Participants Statistics.

The attendance was not mandatory, so the degree of attendance varied. On average, about 70% of all enrolled students were present at a session. About 40% of all students were present at all sessions.

3.5 Practical Exercises

An essential aspect of our approach are practical exercises. We aim to use at least 30% of the course’s time for exercises and interactive tasks. Three of these exercises are described in the following.

3.5.1 Task 1: “Magical Data Glasses”

Task: “Imagine you come home to your private apartment. You wear magical glasses that make every piece of data that you encounter glow. Write down everything that you see.”

Results: “Name plate, TV, computer, telephone, books, clock, labels on clothes, display on washing machine, …”.

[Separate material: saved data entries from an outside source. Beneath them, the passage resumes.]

(* Let $0<p\le 1$, $\epsilon>0$, $m\ge1$, let $\mathcal{C}\subseteq\mathbb{R}^m$ be a nonempty closed convex set, and let $f_p(\boldsymbol{z};\epsilon)=\sum_{i=1}^{m}(z_i^2+\epsilon^2)^{p/2}$. Consider the problem $\mathscr{P}_{\mathrm{sm}}(\epsilon)$: minimize $f_p(\boldsymbol{z};\epsilon)$ over $\boldsymbol{z}\in\mathcal{C}$. Generate a sequence by the iterative reweighted-$\ell_2$ algorithm: start with $\boldsymbol{\omega}^{[0]}=(1,\dots,1)$, and for $n=0,1,2,\dots$ set $$\boldsymbol{z}^{[n+1]}=\arg\min_{\boldsymbol{z}\in\mathcal{C}}\sum_{i=1}^{m}\omega_i^{[n]}z_i^2,\qquad \omega_i^{[n+1]}=\frac{p}{2}\left[\left(z_i^{[n+1]}\right)^2+\epsilon^2\right]^{\frac{p}{2}-1},\ i=1,\dots,m.$$ Then every limit point $\bar{\boldsymbol{z}}$ of $\{\boldsymbol{z}^{[n]}\}_{n\ge1}$ is a KKT point of $\mathscr{P}_{\mathrm{sm}}(\epsilon)$, and $f_p(\boldsymbol{z}^{[n]};\epsilon)$ converges monotonically (nonincreasingly) to $f_p(\boldsymbol{z}^{\star};\epsilon)$ for some KKT point $\boldsymbol{z}^{\star}$ of $\mathscr{P}_{\mathrm{sm}}(\epsilon)$.
   Context: The normal cone of a convex set $\mathcal{C}$ at $\boldsymbol{z}\in\mathcal{C}$ is $\mathcal{N}_{\mathcal{C}}(\boldsymbol{z})=\{\boldsymbol{s}:\langle\boldsymbol{s},\boldsymbol{x}-\boldsymbol{z}\rangle\le0\ \forall\boldsymbol{x}\in\mathcal{C}\}$. A KKT point of $\mathscr{P}_{\mathrm{sm}}(\epsilon)$ is a point $\boldsymbol{z}\in\mathcal{C}$ with $0\in\nabla_{\boldsymbol{z}}f_p(\boldsymbol{z};\epsilon)+\mathcal{N}_{\mathcal{C}}(\boldsymbol{z})$. *)

theory Defs
  imports "HOL-Analysis.Analysis"
begin

definition fp :: "real \<Rightarrow> real \<Rightarrow> real ^ 'm \<Rightarrow> real" where
  "fp p \<epsilon> z = (\<Sum>i\<in>UNIV. ((z $ i)\<^sup>2 + \<epsilon>\<^sup>2) powr (p / 2))"

definition normal_cone :: "(real ^ 'm) set \<Rightarrow> real ^ 'm \<Rightarrow> (real ^ 'm) set" where
  "normal_cone C z = {s. \<forall>x\<in>C. s \<bullet> (x - z) \<le> 0}"

text \<open>KKT point of min f over C: z in C and 0 in grad f(z) + N_C(z).
  The gradient is the vector g representing the Frechet derivative of f at z.\<close>
definition kkt_point :: "(real ^ 'm) set \<Rightarrow> (real ^ 'm \<Rightarrow> real) \<Rightarrow> real ^ 'm \<Rightarrow> bool" where
  "kkt_point C f z \<longleftrightarrow> z \<in> C \<and>
     (\<exists>g. (f has_derivative (\<lambda>h. g \<bullet> h)) (at z) \<and> -g \<in> normal_cone C z)"

end

theory Submission
  imports Defs
begin

text \<open>Each reweighting step is a majorize-minimize step. Since \<open>t \<mapsto> (t + \<epsilon>\<^sup>2) powr (p/2)\<close>
  is concave for \<open>p \<le> 2\<close>, its tangent at \<open>u\<close> gives
  \<open>f v \<le> f u + (\<Sum>i. w u i * (v i\<^sup>2 - u i\<^sup>2))\<close> with the weights \<open>w\<close> of the algorithm, and the
  first-order optimality of the weighted least-squares step turns this into the descent estimate
  \<open>(\<Sum>i. w (z n) i * (z n i - z (n+1) i)\<^sup>2) \<le> f (z n) - f (z (n+1))\<close>. So \<open>f\<close> decreases along
  the iterates, which therefore stay bounded; on a bounded set the weights are bounded below, so
  consecutive iterates merge. Because \<open>\<nabla>f y = 2 w y y\<close>, the optimality condition of the
  weighted step passes in the limit to the KKT condition at every limit point.\<close>

definition irls_weight :: "real \<Rightarrow> real \<Rightarrow> real ^ 'm \<Rightarrow> real ^ 'm" where
  "irls_weight p \<epsilon> y = (\<chi> i. p / 2 * ((y $ i)\<^sup>2 + \<epsilon>\<^sup>2) powr (p / 2 - 1))"

lemma irls_weight_nonneg: "0 \<le> p \<Longrightarrow> 0 \<le> irls_weight p \<epsilon> y $ i"
  by (simp add: irls_weight_def)

lemma powr_le_tangent:
  fixes u v a :: real
  assumes "0 < u" "0 < v" "0 \<le> a" "a \<le> 1"
  shows "v powr a \<le> u powr a + a * u powr (a - 1) * (v - u)"
proof -
  have young: "v powr a * u powr (1 - a) \<le> a * v + (1 - a) * u"
    using Youngs_inequality_0[of a "1 - a" v u] assms by simp
  have inv: "u powr (1 - a) * u powr (a - 1) = 1" and base: "u * u powr (a - 1) = u powr a"
    using assms by (simp_all add: powr_add[symmetric] powr_mult_base)
  have "v powr a = (v powr a * u powr (1 - a)) * u powr (a - 1)"
    using inv by (simp add: mult.assoc)
  also have "\<dots> \<le> (a * v + (1 - a) * u) * u powr (a - 1)"
    using young assms by (intro mult_right_mono) auto
  also have "\<dots> = u powr a + a * u powr (a - 1) * (v - u)"
    using base by (simp add: algebra_simps)
  finally show ?thesis .
qed

lemma nonneg_if_quadratic_nonneg_near_0:
  fixes a b :: real
  assumes "\<And>t. 0 < t \<Longrightarrow> t \<le> 1 \<Longrightarrow> 0 \<le> t * a + t\<^sup>2 * b"
  shows "0 \<le> a"
proof (rule tendsto_lowerbound)
  show "((\<lambda>t. a + t * b) \<longlongrightarrow> a) (at_right 0)"
    by (auto intro!: tendsto_eq_intros)
  have "0 \<le> a + t * b" if "t \<in> {0<..<1}" for t
  proof -
    have "0 \<le> t * (a + t * b)"
      using assms[of t] that by (simp add: power2_eq_square algebra_simps)
    then show ?thesis using that by (simp add: zero_le_mult_iff)
  qed
  then show "\<forall>\<^sub>F t in at_right 0. 0 \<le> a + t * b"
    using eventually_at_right_real[of 0 1] by (auto elim: eventually_mono)
qed simp

lemma weighted_sq_min_variational_ineq:
  fixes w :: "real ^ 'm" and C :: "(real ^ 'm) set"
  assumes "convex C" "z \<in> C" "x \<in> C"
    and min: "\<forall>y\<in>C. (\<Sum>i\<in>UNIV. w $ i * (z $ i)\<^sup>2) \<le> (\<Sum>i\<in>UNIV. w $ i * (y $ i)\<^sup>2)"
  shows "0 \<le> (\<Sum>i\<in>UNIV. w $ i * z $ i * (x $ i - z $ i))"
proof -
  define A where "A = (\<Sum>i\<in>UNIV. w $ i * z $ i * (x $ i - z $ i))"
  define B where "B = (\<Sum>i\<in>UNIV. w $ i * (x $ i - z $ i)\<^sup>2)"
  have "0 \<le> t * (2 * A) + t\<^sup>2 * B" if "0 < t" "t \<le> 1" for t
  proof -
    have "z + t *\<^sub>R (x - z) = (1 - t) *\<^sub>R z + t *\<^sub>R x"
      by (simp add: algebra_simps)
    then have "z + t *\<^sub>R (x - z) \<in> C"
      using assms that convexD[of C z x "1 - t" t] by simp
    then have "(\<Sum>i\<in>UNIV. w $ i * (z $ i)\<^sup>2) \<le> (\<Sum>i\<in>UNIV. w $ i * ((z + t *\<^sub>R (x - z)) $ i)\<^sup>2)"
      using min by blast
    also have "\<dots> = (\<Sum>i\<in>UNIV. w $ i * (z $ i + t * (x $ i - z $ i))\<^sup>2)"
      by simp
    also have "\<dots> = (\<Sum>i\<in>UNIV. w $ i * (z $ i)\<^sup>2
        + t * 2 * (w $ i * z $ i * (x $ i - z $ i)) + t\<^sup>2 * (w $ i * (x $ i - z $ i)\<^sup>2))"
      by (intro sum.cong) (auto simp: power2_eq_square algebra_simps)
    also have "\<dots> = (\<Sum>i\<in>UNIV. w $ i * (z $ i)\<^sup>2) + t * (2 * A) + t\<^sup>2 * B"
      by (simp add: sum.distrib sum_distrib_left A_def B_def mult.assoc)
    finally show ?thesis by simp
  qed
  then have "0 \<le> 2 * A"
    by (rule nonneg_if_quadratic_nonneg_near_0)
  then show ?thesis
    by (simp add: A_def)
qed

lemma fp_has_derivative:
  fixes y :: "real ^ 'm"
  assumes "\<epsilon> \<noteq> 0"
  shows "(fp p \<epsilon> has_derivative (\<lambda>h. (2 *\<^sub>R (irls_weight p \<epsilon> y * y)) \<bullet> h)) (at y)"
proof -
  have "((\<lambda>t. (t\<^sup>2 + \<epsilon>\<^sup>2) powr (p / 2)) has_real_derivative
      2 * (p / 2 * (t\<^sup>2 + \<epsilon>\<^sup>2) powr (p / 2 - 1) * t)) (at t)" for t :: real
    using assms by (auto intro!: derivative_eq_intros simp: add_nonneg_pos)
  from DERIV_compose_FDERIV[OF this bounded_linear_imp_has_derivative[OF bounded_linear_vec_nth]]
  have "((\<lambda>y. \<Sum>i\<in>UNIV. ((y $ i)\<^sup>2 + \<epsilon>\<^sup>2) powr (p / 2)) has_derivative
      (\<lambda>h. \<Sum>i\<in>UNIV. h $ i * (2 * (p / 2 * ((y $ i)\<^sup>2 + \<epsilon>\<^sup>2) powr (p / 2 - 1) * y $ i)))) (at y)"
    by (intro has_derivative_sum)
  then show ?thesis
    by (simp add: fp_def[abs_def] irls_weight_def inner_vec_def mult.commute)
qed

lemma kkt_point_fpI:
  assumes "\<epsilon> \<noteq> 0" "z \<in> C"
    and "\<forall>x\<in>C. 0 \<le> (\<Sum>i\<in>UNIV. irls_weight p \<epsilon> z $ i * z $ i * (x $ i - z $ i))"
  shows "kkt_point C (fp p \<epsilon>) z"
  unfolding kkt_point_def normal_cone_def
proof (intro conjI exI CollectI ballI)
  show "(fp p \<epsilon> has_derivative (\<lambda>h. (2 *\<^sub>R (irls_weight p \<epsilon> z * z)) \<bullet> h)) (at z)"
    using assms(1) by (rule fp_has_derivative)
  fix x assume "x \<in> C"
  then show "- (2 *\<^sub>R (irls_weight p \<epsilon> z * z)) \<bullet> (x - z) \<le> 0"
    using assms(3) by (simp add: inner_vec_def sum_negf mult.assoc flip: sum_distrib_left)
qed (fact assms(2))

Competence: This task is intended to raise the awareness how many formats and channels data can have and how ubiquitous it is.

3.5.2 Task 2: “Brainstorming Session”

Task: Get together in groups of two people. In just 5 Minutes, write down three properties that constitute good science. After five minutes get together with the group next to you, put your results together and from the six points, pick the three most important one. Iterate until the whole class has selected the three most important ones.

Results: Depending on the group dynamics, weighting may change, but students regularly rank thee following criteria high:

  • give empirical proof; base ideas on data
  • research should be universally reproducible
  • be honest about your results; be aware of your bias; keep an open mind
  • always give credit; cite others’ contributions.

Competence: Develop an explicit understanding of the requirements of good scientific practice.

3.5.3 Task 3: “Expert Discussion”

Task: “You are a participant in a round-table discussion. Its topic is ‘Open Science – How open can and should science be?’ You can either accept one of the following roles, come up with a new one, or participate in the discussion as yourself”:

  • The Traditionalist: Prof. Sarah M. has been a professor of organic chemistry for more than 20 years. She has published many papers in prestigious journals. She is sceptical about publishing research data because she sees it as her intellectual property. Quote: “Science lives from ideas, not from data.”
  • The Early Adopter: Thomas D. is an assistant in a research group for theoretical computer science. He publishes only in open access journals and releases all of his source code on GitHub. He also writes a blog, in which he publishes his latest ideas. Quote: “The more open science is, the better it is.”
  • Other roles: Science Politician, Tax Payer, Publisher of a Scientific Journal, University Director, …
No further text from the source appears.